Si no estuviese tan oscuro
A la vuelta de la esquina
O simplemente, si todos
Entendiésemos que todos
Llevamos un viejo encima.
JOAN M. SERRAT, Llegar a viejo
El tiempo pasa, querido lector, y como decía Milanés y cantaba La Negra Maravillosa (léase Mercedes Sosa), “nos vamos poniendo viejos”. Pappo también supo percibir la cosa: “Yo soy un hombre bueno, lo que pasa es que me estoy volviendo viejo”; Gardel decía: “Volver con la frente marchita, las nieves del tiempo platearon mi sien. / Sentir... que es un soplo la vida...”.
En 2007, los hermanos Coen nos ofrecieron No country for old men, o sea: “Sin lugar para los viejos” –traducida aquí como “Sin lugar para los débiles” a partir de una extraña interpretación de que ser viejo es automáticamente ser débil–, en la que Javier Bardem interpretaba a un asesino loco de esos que después no dormís, que mataba o no a sus víctimas (no necesariamente ancianas) según el resultado de un “cara o ceca”.
En 1975, Torre Nilsson presenta La guerra del cerdo, con los grandes José Slavin y Osvaldo Terranova, basada en la novela de Bioy Casares, donde se produce una especie de “guerra” contra la gente mayor.

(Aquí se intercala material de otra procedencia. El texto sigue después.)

lemma sub_mod_translate:
  assumes "0 < n"
  shows "sub_mod n (sub_mod n k c) (sub_mod n m c) = sub_mod n k m"
  using assms by (simp add: sub_mod_def mod_diff_eq)

lemma bij_betw_sub_mod_right:
  assumes "0 < n"
  shows "bij_betw (sub_mod n k) {..<n} {..<n}"
  by (rule bij_betw_byWitness[where f' = "sub_mod n k"])
    (auto simp: sub_mod_sub_mod_cancel sub_mod_less assms)

lemma bij_betw_sub_mod_left:
  assumes "0 < n"
  shows "bij_betw (\<lambda>m. sub_mod n m c) {..<n} {..<n}"
  by (rule bij_betw_byWitness[where f' = "\<lambda>u. (u + c) mod n"])
    (auto simp: sub_mod_add_mod add_mod_sub_mod sub_mod_less assms)

lemma sub_mod_eq_0_iff:
  assumes "k < n" "m < n"
  shows "sub_mod n k m = 0 \<longleftrightarrow> m = k"
  using sub_mod_sub_mod_cancel[of m n k] sub_mod_sub_mod_cancel[of 0 n k] assms
  by (auto simp: sub_mod_0)

lemma sub_mod_neq_mod:
  assumes "0 < j" "j < m"
  shows "sub_mod m t j \<noteq> t mod m"
proof
  assume "sub_mod m t j = t mod m"
  then have "j = sub_mod m t (sub_mod m t 0)"
    using sub_mod_sub_mod_cancel[of j m t] assms by (simp add: sub_mod_0)
  then show False
    using sub_mod_sub_mod_cancel[of 0 m t] assms by simp
qed

lemma tprod_eq: "tprod q n A X i j k = (\<Sum>l<q. \<Sum>m<n. A i l (sub_mod n k m) * X l j m)"
  by (simp add: tprod_def sub_mod_def)

lemma tprod_cong_right:
  assumes "\<And>l m. l < q \<Longrightarrow> m < n \<Longrightarrow> X l j m = Y l j m"
  shows "tprod q n A X i j k = tprod q n A Y i j k"
  unfolding tprod_eq using assms by (intro sum.cong refl) auto

lemma tprod_zero_right: "tprod q n A (\<lambda>i j k. 0) = (\<lambda>i j k. 0)"
  by (simp add: tprod_def)

lemma tprod_diff_right:
  "tprod q n A (\<lambda>a b c. X a b c - Y a b c) i j k = tprod q n A X i j k - tprod q n A Y i j k"
  by (simp add: tprod_eq algebra_simps sum_subtractf)

lemma tprod_scale_right:
  "tprod q n A (\<lambda>a b c. r * X a b c) = (\<lambda>i j k. r * tprod q n A X i j k)"
  by (simp add: tprod_def algebra_simps sum_distrib_left)

lemma tprod_sum_right:
  "tprod q n A (\<lambda>a b c. \<Sum>l\<in>J. X l a b c) i j k = (\<Sum>l\<in>J. tprod q n A (X l) i j k)"
  by (simp add: tprod_eq sum_distrib_left sum.swap[of _ J])

lemma tprod_sum_left:
  "tprod q n (\<lambda>a b c. \<Sum>l\<in>J. A l a b c) X i j k = (\<Sum>l\<in>J. tprod q n (A l) X i j k)"
  by (simp add: tprod_eq sum_distrib_right sum.swap[of _ J])

lemma tprod_diff_scale_left:
  "tprod q n (\<lambda>a b c. A a b c - r * C a b c) X i j k = tprod q n A X i j k - r * tprod q n C X i j k"
  by (simp add: tprod_eq algebra_simps sum_subtractf sum_distrib_left)

lemma tprod_tident_left:
  assumes "i < q" "k < n"
  shows "tprod q n tident X i j k = X i j k"
proof -
  have delta: "(if P then 1 else 0) * x = (if P then x else 0)" for P and x :: real
    by simp
  have "tprod q n tident X i j k = (\<Sum>l<q. if l = i then \<Sum>m<n. if m = k then X l j m else 0 else 0)"
    unfolding tprod_eq tident_def using assms
    by (intro sum.cong refl) (auto simp: sub_mod_eq_0_iff delta intro!: sum.cong)
  also have "\<dots> = X i j k"
    using assms by simp
  finally show ?thesis .
qed

lemma sum_convolution_sub_mod_shift:
  assumes "0 < n"
  shows "(\<Sum>m<n. f (sub_mod n k m) * g (sub_mod n m c)) = (\<Sum>u<n. f (sub_mod n (sub_mod n k c) u) * g u)"
  using sum.reindex_bij_betw[OF bij_betw_sub_mod_left[OF assms, of c],
      of "\<lambda>u. f (sub_mod n (sub_mod n k c) u) * g u"]
  by (simp add: sub_mod_translate[OF assms])

lemma tprod_assoc:
  assumes "0 < n"
  shows "tprod p n T (tprod q n A X) i j k = tprod q n (tprod p n T A) X i j k"
proof -
  have shift: "(\<Sum>m<n. T i l (sub_mod n k m) * A l l' (sub_mod n m m'))
      = (\<Sum>u<n. T i l (sub_mod n (sub_mod n k m') u) * A l l' u)" for l l' m'
    by (rule sum_convolution_sub_mod_shift[OF assms])
  have "tprod p n T (tprod q n A X) i j k
      = (\<Sum>l<p. \<Sum>m<n. \<Sum>l'<q. \<Sum>m'<n. T i l (sub_mod n k m) * A l l' (sub_mod n m m') * X l' j m')"
    by (simp add: tprod_eq sum_distrib_left mult.assoc)
  also have "\<dots> = (\<Sum>l'<q. \<Sum>m'<n. \<Sum>l<p. \<Sum>m<n. T i l (sub_mod n k m) * A l l' (sub_mod n m m') * X l' j m')"
    unfolding sum.cartesian_product
    by (rule sum.reindex_bij_witness[of _ "\<lambda>(l', m', l, m). (l, m, l', m')" "\<lambda>(l, m, l', m'). (l', m', l, m)"])
      auto
  also have "\<dots> = (\<Sum>l'<q. \<Sum>m'<n. (\<Sum>l<p. \<Sum>m<n. T i l (sub_mod n k m) * A l l' (sub_mod n m m')) * X l' j m')"
    by (simp add: sum_distrib_right)
  also have "\<dots> = tprod q n (tprod p n T A) X i j k"
    by (simp add: tprod_eq shift)
  finally show ?thesis .
qed

section \<open>Operator norm\<close>

lemma topnorm_bdd_above: "bdd_above {tfrob p 1 n (tprod q n C X) | X. tfrob q 1 n X = 1}"
proof -
  define K where "K = (\<Sum>i<p. \<Sum>k<n. \<Sum>l<q. \<Sum>m<n. \<bar>C i l (sub_mod n k m)\<bar>)"
  have "tfrob p 1 n (tprod q n C X) \<le> K" if unit: "tfrob q 1 n X = 1" for X
  proof -
    have "\<bar>X l 0 m\<bar> \<le> 1" if "l < q" "m < n" for l m
      using abs_le_tfrob[of l q 0 1 m n X] that unit by simp
    then have entry: "\<bar>tprod q n C X i 0 k\<bar> \<le> (\<Sum>l<q. \<Sum>m<n. \<bar>C i l (sub_mod n k m)\<bar>)" for i k
      unfolding tprod_eq
      by (intro order_trans[OF sum_abs] sum_mono order_trans[OF sum_abs])
        (auto simp: abs_mult mult_left_le)
    have "tfrob p 1 n (tprod q n C X) \<le> (\<Sum>i<p. \<Sum>j<1. \<Sum>k<n. \<bar>tprod q n C X i j k\<bar>)"
      by (rule tfrob_le_sum_abs)
    also have "\<dots> \<le> K"
      unfolding K_def using entry by (simp add: sum_mono)
    finally show ?thesis .
  qed
  then show ?thesis
    unfolding bdd_above_def by blast
qed

lemma tfrob_tprod_le_topnorm:
  assumes "tfrob q 1 n X = 1"
  shows "tfrob p 1 n (tprod q n C X) \<le> topnorm p q n C"
  unfolding topnorm_def using assms by (intro cSup_upper topnorm_bdd_above) blast

lemma topnorm_nonneg:
  assumes "0 < q" "0 < n"
  shows "0 \<le> topnorm p q n C"
proof -
  define E :: tensor where "E = (\<lambda>l _ m. if m = 0 then if l = 0 then 1 else 0 else 0)"
  have "(E l j m)\<^sup>2 = E l j m" for l j m
    by (simp add: E_def)
  then have "tfrob q 1 n E = 1"
    using assms by (simp add: tfrob_def E_def)
  then show ?thesis
    using tfrob_tprod_le_topnorm tfrob_nonneg order_trans by blast
qed

lemma tfrob_tprod_column_le:
  assumes "0 < q" "0 < n"
  shows "tfrob p 1 n (tprod q n C X) \<le> topnorm p q n C * tfrob q 1 n X"
proof (cases "tfrob q 1 n X = 0")
  case True
  then have "X l 0 m = 0" if "l < q" "m < n" for l m
    using abs_le_tfrob[of l q 0 1 m n X] that by simp
  then have "tfrob p 1 n (tprod q n C X) = tfrob p 1 n (tprod q n C (\<lambda>i j k. 0))"
    by (intro tfrob_cong tprod_cong_right) auto
  then show ?thesis
    using True by (simp add: tprod_zero_right tfrob_def)
next
  case False
  define f where "f = tfrob q 1 n X"
  have "0 < f"
    using False tfrob_nonneg[of q 1 n X] unfolding f_def by linarith
  have "tfrob q 1 n (\<lambda>i j k. (1 / f) * X i j k) = 1"
    unfolding tfrob_scale using \<open>0 < f\<close> f_def by simp
  then have "tfrob p 1 n (tprod q n C (\<lambda>i j k. (1 / f) * X i j k)) \<le> topnorm p q n C"
    by (rule tfrob_tprod_le_topnorm)
  then have "(1 / f) * tfrob p 1 n (tprod q n C X) \<le> topnorm p q n C"
    unfolding tprod_scale_right tfrob_scale using \<open>0 < f\<close> by simp
  then show ?thesis
    using \<open>0 < f\<close> unfolding f_def[symmetric] by (simp add: field_simps)
qed

lemma tfrob_tprod_le:
  assumes "0 < q" "0 < n"
  shows "tfrob p r n (tprod q n C X) \<le> topnorm p q n C * tfrob q r n X"
proof -
  let ?N = "topnorm p q n C"
  have column: "(\<lambda>i (_::nat) k. tprod q n C X i j k) = tprod q n C (\<lambda>i _ k. X i j k)" for j
    by (simp add: tprod_def)
  have "(tfrob p r n (tprod q n C X))\<^sup>2 = (\<Sum>j<r. (tfrob p 1 n (tprod q n C (\<lambda>i _ k. X i j k)))\<^sup>2)"
    unfolding tfrob_power2_eq_sum_columns[of p r n] column ..
  also have "\<dots> \<le> (\<Sum>j<r. (?N * tfrob q 1 n (\<lambda>i _ k. X i j k))\<^sup>2)"
    using tfrob_tprod_column_le[OF assms]
    by (intro sum_mono power_mono) (auto simp: tfrob_nonneg)
  also have "\<dots> = (?N * tfrob q r n X)\<^sup>2"
    by (simp add: tfrob_power2_eq_sum_columns[of q r n X] power_mult_distrib sum_distrib_left)
  finally show ?thesis
    using topnorm_nonneg[OF assms] tfrob_nonneg by (meson mult_nonneg_nonneg power2_le_imp_le)
qed

section \<open>Frontal slice blocks\<close>

lemma blockslice_window_iff:
  fixes i k s :: nat
  assumes "0 < s"
  shows "i * s \<le> k \<and> k < i * s + s \<longleftrightarrow> i = k div s"
proof
  assume "i * s \<le> k \<and> k < i * s + s"
  then show "i = k div s"
    using div_nat_eqI[of s i k] by (simp add: mult.commute)
next
  assume "i = k div s"
  then show "i * s \<le> k \<and> k < i * s + s"
    using dividend_less_div_times[OF assms, of k] by simp
qed

lemma sum_blockslice:
  assumes "0 < s" "k < m * s"
  shows "(\<Sum>c<m. blockslice s A c a b k) = A a b k"
proof -
  have "(\<Sum>c<m. blockslice s A c a b k) = (\<Sum>c<m. if c = k div s then A a b k else 0)"
    unfolding blockslice_def using blockslice_window_iff[OF assms(1)] by (intro sum.cong) auto
  also have "\<dots> = A a b k"
    using assms by (simp add: div_less_iff_less_mult)
  finally show ?thesis .
qed

lemma tprod_eq_sum_blockslice:
  assumes "0 < s" "n = m * s"
  shows "tprod q n A X i j k = (\<Sum>c<m. tprod q n (blockslice s A c) X i j k)"
proof -
  have "A i l (sub_mod n k u) = (\<Sum>c<m. blockslice s A c i l (sub_mod n k u))" if "u < n" for l u
    using sum_blockslice[OF assms(1), of "sub_mod n k u" m A i l] sub_mod_less[of n k u] that assms(2)
    by (metis gr_implies_not0 not_gr_zero)
  then have "tprod q n A X i j k = tprod q n (\<lambda>a b k. \<Sum>c<m. blockslice s A c a b k) X i j k"
    unfolding tprod_eq by (intro sum.cong refl) simp_all
  then show ?thesis
    by (simp add: tprod_sum_left)
qed

definition block_gram :: "nat \<Rightarrow> nat \<Rightarrow> nat \<Rightarrow> tensor \<Rightarrow> nat \<Rightarrow> nat \<Rightarrow> tensor" where
  "block_gram n1 n s A c d = tprod n1 n (ttrans n (blockslice s A c)) (blockslice s A d)"

lemma topnorm_le_kappa:
  assumes "c < n div s"
  shows "topnorm n2 n2 n (\<lambda>a b k. tident a b k - \<alpha> * block_gram n1 n s A c c a b k)
    \<le> kappa n1 n2 n s \<alpha> A"
  unfolding kappa_def block_gram_def using assms by (intro Max_ge) auto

Y está la saga terrorífica de Stephen King, la de Los niños del maíz, donde, a los 19 años, chau, fuiste. O la novela de Ira Levin, Chip, el del ojo verde, que presenta un mundo “ideal, progre, igualitario” donde todos se mueren a los 62.
Aunque esto es ficción, música, literatura, querido lector, yo no me animaría a poner el cartel “cualquier parecido con la realidad es pura coincidencia", pues no creo que lo sea.
Hace no mucho tiempo, un personaje de novela de terror se salió de la pantalla cual el protagonista de La rosa púrpura del Cairo, de Woody Allen, y se metió en nuestra vida cotidiana: me refiero a doña Christine Lagarde, de la cual el Sumo Maurífice predijo que los argentinos nos íbamos a enamorar... Bueno, ella fue quien afirmó que “el problema es que ahora la gente vive demasiado tiempo”. Supongo que en esa ocasión “la gente” éramos nosotros, y no ella misma y sus cercanos.
Seguramente la idea iba en el camino de elevar la edad jubilatoria, pero, como siempre, fue mal interpretada, y aquí se resuelve pagándoles poco a los jubilados, quitándoles remedios y beneficios sociales; y reprimiéndolos, si se quejan, con la misma ferocidad que a los jóvenes, los trabajadores, los desocupados, quizás para no discriminar. Pero, en el fondo, es para que no vivamos más de lo que nos correspondería según la estadística que los sociópatas –perdón, quise decir sociólogos– determinaron.
Esta manera es quizás la más grave, pero no la única que tienen las sociedades de excluir a sus mayores: consideremos también la disminución de la frecuencia del transporte público, el aumento de la distancia entre las paradas, el encarecimiento de las tarifas, las baldosas flojas en las veredas, los ciclistas y patinadores que se autoperciben peatones, la gente que circula por la vereda hablando por el celular y no mira. La “celularización” de la vida, donde tooodo se hace siguiendo una intuición propia de los milenials –no es que los mayores no tengamos intuición, pero es otra–. Las instrucciones en esa neolingua digna de Orwell donde se “deletea, stalkea, gustea”, o con signos solo reconocibles para alguien que no conoció el siglo XX.
Y la tremenda despersonalización en la que lograr que te atienda, escuche y empatice un ser humano parece una misión imposible y complica cualquier trámite bancario, reclamo empresario o, ni qué hablar, consulta médica (conseguir turno vía “app” puede enmarañarse hasta niveles kafkianos).
Personas que podrían autosostenerse pero que quedan afuera de este continuo cambio de paradigma a toda velocidad, necesitan hoy en día un milenial/centenial que les traduzca la realidad, que los/as “conecte” con un mundo cada vez más hostil, hipócritamente disfrazado de “políticamente correcto", y eso se traduce en una sensación de inutilidad, de fragilidad, de precariedad. Es como si existiese un nuevo “sentido”, que solamente tienen los nacidos después de cierta fecha (y no todos). Ese nuevo sentido les permite “entender” sin entender, comunicarse sin comunicarse, amar sin amar, y tener memoria, pero no la suya, sino la de su celular.
En medio de todo esto, querido lector, lo absurdo se vuelve natural, y entonces el humor, el de verdad, el profundo, se vuelve un recuerdo.